(Beginning of RECORDED DATA)

lemma log_gam_le_sidx:
  assumes "0 < al" "0 < be" "coprime al be" "0 < n" "2 \<le> sidx al be n"
  shows "log (gam al be) n \<le> 2 * real (sidx al be n) - 1"
proof -
  let ?g = "gam al be" and ?W = "walk al be 0 1"
  obtain k where k: "sidx al be n = Suc (Suc k)"
    using assms(5) by (metis add_2_eq_Suc le_Suc_ex)
  have "real be \<le> ?g ^ 2"
    using gam_sq[of al be] one_less_gam[OF assms(1,2)] by simp
  have "real n \<le> real be * ?W (Suc (Suc k)) * ?W (Suc (Suc (Suc k)))"
    using le_be_mult_walk_0_1[OF assms(1-4) k] by (simp only: of_nat_le_iff flip: of_nat_mult)
  also have "\<dots> \<le> ?g ^ 2 * ?g ^ k * ?g ^ Suc k"
    using \<open>real be \<le> ?g ^ 2\<close> walk_0_1_le_gam_power[OF assms(2), of al k]
      walk_0_1_le_gam_power[OF assms(2), of al "Suc k"] one_less_gam[OF assms(1,2)]
    by (intro mult_mono) (simp_all del: walk.simps(4))
  also have "\<dots> = ?g ^ (2 * k + 3)"
  proof -
    have "2 + k + Suc k = 2 * k + 3"
      by simp
    then show ?thesis
      by (simp only: power_add[symmetric])
  qed
  finally have "log ?g n \<le> 2 * k + 3"
    using log_le_of_le_power[of _ "real n" "2 * k + 3"] one_less_gam[OF assms(1,2)] assms(4)
    by simp
  with k show ?thesis
    by simp
qed

lemma log_golden_le_sidx:
  assumes "0 < n" "2 \<le> sidx 1 1 n"
  shows "log ((1 + sqrt 5) / 2) n \<le> 2 * real (sidx 1 1 n) - 4"
proof -
  obtain k where k: "sidx 1 1 n = Suc (Suc k)"
    using assms(2) by (metis add_2_eq_Suc le_Suc_ex)
  have "n \<le> 1 * walk 1 1 0 1 (Suc (Suc k)) * walk 1 1 0 1 (Suc (Suc (Suc k)))"
    by (rule le_be_mult_walk_0_1) (use assms(1) k in simp_all)
  then have "n \<le> fib (Suc k) * fib (Suc (Suc k))"
    by (simp only: walk_1_1_0_1_eq_fib mult_1)
  then have "real n \<le> real (fib (Suc k) * fib (Suc (Suc k)))"
    by (simp only: of_nat_le_iff)
  also have "\<dots> \<le> ((1 + sqrt 5) / 2) ^ (2 * k)"
    by (rule fib_mult_fib_Suc_le)
  finally have "real n \<le> ((1 + sqrt 5) / 2) ^ (2 * k)" .
  moreover have "1 < (1 + sqrt 5) / 2"
    by (simp add: real_less_rsqrt)
  ultimately have "log ((1 + sqrt 5) / 2) n \<le> 2 * k"
    using log_le_of_le_power[of _ "real n" "2 * k"] assms(1) by simp
  with k show ?thesis
    by simp
qed

theorem proposition3p4:
  fixes al be :: nat
  assumes "al > 0" "be > 0" "coprime al be"
  shows "(\<forall>n::nat. n > 0 \<and> sidx al be n > 2 \<longrightarrow>
            log (gam al be) (real n) / 2 - 1 \<le> real (sidx al be n) \<and>
            real (sidx al be n) \<le> log (gam al be) (real n) + 2)
       \<and> (\<forall>n::nat. n > 0 \<and> sidx 1 1 n > 2 \<longrightarrow>
            real (sidx 1 1 n) \<ge> log ((1 + sqrt 5) / 2) (real n) / 2 + 2)"
proof (intro conjI allI impI)
  fix n :: nat
  assume n: "n > 0 \<and> sidx al be n > 2"
  then have "log (gam al be) n \<le> 2 * real (sidx al be n) - 1"
    using log_gam_le_sidx[OF assms] by simp
  then show "log (gam al be) n / 2 - 1 \<le> real (sidx al be n)"
    by simp
  show "real (sidx al be n) \<le> log (gam al be) n + 2"
    using sidx_le_log_gam[OF assms(1,2)] n by simp
next
  fix n :: nat
  assume "n > 0 \<and> sidx 1 1 n > 2"
  then have "log ((1 + sqrt 5) / 2) n \<le> 2 * real (sidx 1 1 n) - 4"
    using log_golden_le_sidx by simp
  then show "log ((1 + sqrt 5) / 2) n / 2 + 2 \<le> real (sidx 1 1 n)"
    by simp
qed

(End of RECORDED DATA)

▸ WHAT THE TASK REQUIRES
Starting with the line above that holds "by (rule le_be_mult_walk_0_1)" and stopping with the line that holds "n \<le> ((1 + sqrt", reproduce each line exactly, omitting all other lines.

▸ WRITTEN RESPONSE
    by (rule le_be_mult_walk_0_1) (use assms(1) k in simp_all)
  then have "n \<le> fib (Suc k) * fib (Suc (Suc k))"
    by (simp only: walk_1_1_0_1_eq_fib mult_1)
  then have "real n \<le> real (fib (Suc k) * fib (Suc (Suc k)))"
    by (simp only: of_nat_le_iff)
  also have "\<dots> \<le> ((1 + sqrt 5) / 2) ^ (2 * k)"
    by (rule fib_mult_fib_Suc_le)
  finally have "real n \<le> ((1 + sqrt 5) / 2) ^ (2 * k)" .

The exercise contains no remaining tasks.